In 1939, the mining engineer Oliver Bowles, using
data from an 1872 Department of Agriculture report
on fences, estimated that there were approximately
240,000 miles of stone walls in New England. That’s
longer than the U.S. coastline.
Most stone walls in Lincoln are drystone walls. Drystone
walls are laid up without mortar. Gravity keeps
everything in place. One advantage to dry walls is
that they can be taken apart and reassembled.
EARLY HISTORY
New England did not become stony until the Laurentide
Ice Sheet invaded the region from central Canada
fifteen to thirty thousand years ago.
There is the mistaken impression that stone walls are primarily a colonial phenomenon. They are not. Although walls were being built from the time of the first settlement to the end of the pioneering stage, most were built in the half century between the end of the American Revolution and the construction of the first railroads.

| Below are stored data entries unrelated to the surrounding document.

definition F1 :: "nat \<Rightarrow> (nat \<Rightarrow> 'a::ring_1) \<Rightarrow> (nat \<Rightarrow> 'a) \<Rightarrow> (nat \<Rightarrow> nat \<Rightarrow> 'a) \<Rightarrow> 'a
                   \<Rightarrow> 'a \<Rightarrow> ('a \<Rightarrow> 'a) \<Rightarrow> 'a" where
  "F1 N w ui d t h g = (\<Sum>i\<in>{1..N}. g (w i - h) *
      prod_list (map (\<lambda>j. (w i - w j + t) * d i j) (filter (\<lambda>j. j \<noteq> i) [1..<N+1])) * ui i)"

end

theory Submission
  imports Defs
begin

text \<open>Since \<open>h\<close> is central, \<open>Bbar_n(x)\<close> is \<open>1/n\<close> times the degree-\<open>n\<close> homogenisation of
  \<open>B_n\<close> evaluated at \<open>(-h, x)\<close>, and the difference equation \<open>B_n(y+1) - B_n(y) = n y^(n-1)\<close>
  becomes \<open>Bbar_n(x) - Bbar_n(x + h) = -h (x + h)^(n-1)\<close>.
  The operator \<open>u_i\<close> shifts \<open>w_i\<close> by \<open>h\<close> and commutes with the other \<open>w_j\<close>, so
  \<open>u_i \<Sum>_j Bbar_n(wbar_j) = (\<Sum>_j Bbar_n(wbar_j + \<delta>_ij h)) u_i\<close>, whereas the coefficient
  \<open>f(w_i) \<Prod>_j (\<dots>)\<close> of \<open>u_i\<close> in \<open>E_1[f]\<close> commutes with every \<open>w_j\<close>. Hence the commutator
  with the \<open>i\<close>-th summand of \<open>E_1[f]\<close> only sees \<open>Bbar_n(wbar_i) - Bbar_n(wbar_i + h)\<close>.
  The same argument with \<open>u_i^-1\<close> and the shift \<open>-h\<close> handles \<open>F_1[f]\<close>.\<close>

section \<open>Bernoulli polynomials\<close>

definition forward_diff :: "'a::comm_ring_1 poly \<Rightarrow> 'a poly" where
  "forward_diff p = p \<circ>\<^sub>p [:1, 1:] - p"

lemma poly_forward_diff [simp]: "poly (forward_diff p) x = poly p (x + 1) - poly p x"
  by (simp add: forward_diff_def poly_pcompose add.commute)

lemma forward_diff_add: "forward_diff (p + q) = forward_diff p + forward_diff q"
  by (simp add: forward_diff_def pcompose_add)

lemma forward_diff_diff: "forward_diff (p - q) = forward_diff p - forward_diff q"
  by (simp add: forward_diff_def pcompose_diff)

lemma forward_diff_const [simp]: "forward_diff [:c:] = 0"
  by (simp add: forward_diff_def)

lemma forward_diff_monom:
  fixes a :: "'a::comm_ring_1"
  shows "degree (forward_diff (monom a (Suc m))) \<le> m"
    and "coeff (forward_diff (monom a (Suc m))) m = of_nat (Suc m) * a"
proof -
  have comp: "monom a k \<circ>\<^sub>p [:1, 1:] = smult a ([:1, 1:] ^ k)" for k
    by (induction k) (simp_all add: monom_0 monom_Suc pcompose_pCons)
  have binom: "coeff ([:1, 1:] ^ k) j = (of_nat (k choose j) :: 'a)" for k j
    by (cases "j \<le> k") (simp_all add: coeff_linear_poly_power coeff_eq_0 degree_linear_power binomial_eq_0)
  have coeff: "coeff (forward_diff (monom a (Suc m))) j
      = a * of_nat (Suc m choose j) - (if j = Suc m then a else 0)" for j
    by (simp add: forward_diff_def comp binom coeff_monom del: power_Suc)
  show "degree (forward_diff (monom a (Suc m))) \<le> m"
    by (rule degree_le) (auto simp: coeff binomial_eq_0)
  show "coeff (forward_diff (monom a (Suc m))) m = of_nat (Suc m) * a"
    by (simp add: coeff mult.commute)
qed

lemma forward_diff_surj:
  fixes r :: "'a::field_char_0 poly"
  assumes "degree r \<le> k"
  shows "\<exists>q. degree q \<le> Suc k \<and> forward_diff q = r"
  using assms
proof (induction k arbitrary: r)
  case 0
  then obtain a where "r = [:a:]"
    using degree0_coeffs by blast
  then have "forward_diff [:0, a:] = r"
    by (simp add: forward_diff_def pcompose_pCons)
  then show ?case
    by (intro exI[of _ "[:0, a:]"]) simp
next
  case (Suc k)
  define s where "s = monom (coeff r (Suc k) / of_nat (Suc (Suc k))) (Suc (Suc k))"
  have "degree (forward_diff s) \<le> Suc k" "coeff (forward_diff s) (Suc k) = coeff r (Suc k)"
    unfolding s_def by (simp_all only: forward_diff_monom) (simp del: of_nat_Suc)
  moreover have "coeff r j = 0" if "Suc k < j" for j
    using Suc.prems that by (simp add: coeff_eq_0)
  ultimately have "degree (r - forward_diff s) \<le> k"
    by (intro degree_le) (metis Suc_lessI coeff_diff coeff_eq_0 diff_self le_less_trans)
  then obtain q where "degree q \<le> Suc k" "forward_diff q = r - forward_diff s"
    using Suc.IH by blast
  moreover have "degree s \<le> Suc (Suc k)"
    by (simp add: s_def degree_monom_le)
  ultimately show ?case
    by (intro exI[of _ "q + s"]) (simp add: degree_add_le forward_diff_add)
qed

lemma forward_diff_eq_0_imp_const:
  fixes p :: "'a::{idom, ring_char_0} poly"
  assumes "forward_diff p = 0"
  shows "p = [:poly p 0:]"
proof (rule ccontr)
  assume "p \<noteq> [:poly p 0:]"
  then have "finite {x. poly (p - [:poly p 0:]) x = 0}"
    by (intro poly_roots_finite) simp
  moreover have "poly p (of_nat m) = poly p 0" for m
  proof (induction m)
    case (Suc m)
    have "poly p (of_nat m + 1) - poly p (of_nat m) = 0"
      using assms by (metis poly_0 poly_forward_diff)
    with Suc show ?case
      by (simp add: add.commute)
  qed simp
  then have "range of_nat \<subseteq> {x. poly (p - [:poly p 0:]) x = 0}"
    by auto
  ultimately have "finite (range (of_nat :: nat \<Rightarrow> 'a))"
    by (rule finite_subset[rotated])
  then show False
    using finite_imageD[OF _ inj_of_nat] by blast
qed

Settlers felled forests and cleared land of rocks and stone. The first walls were mere dumps along a field’s periphery. Later people built more sophisticated walls.
Stone was not their first choice of fencing material: Widespread use of it began only when other alternatives – stumps and split rails – grew scarce because of overclearing.
Thousands of fence lines became magnets for the stone refuse that would otherwise have ended up in piles. The large boulders were rolled into position; smaller stones were tossed above and between them. As the stone accumulated, primitive “tossed” walls began to rise up out of the weeds, replacing the lower tiers of wooden fences.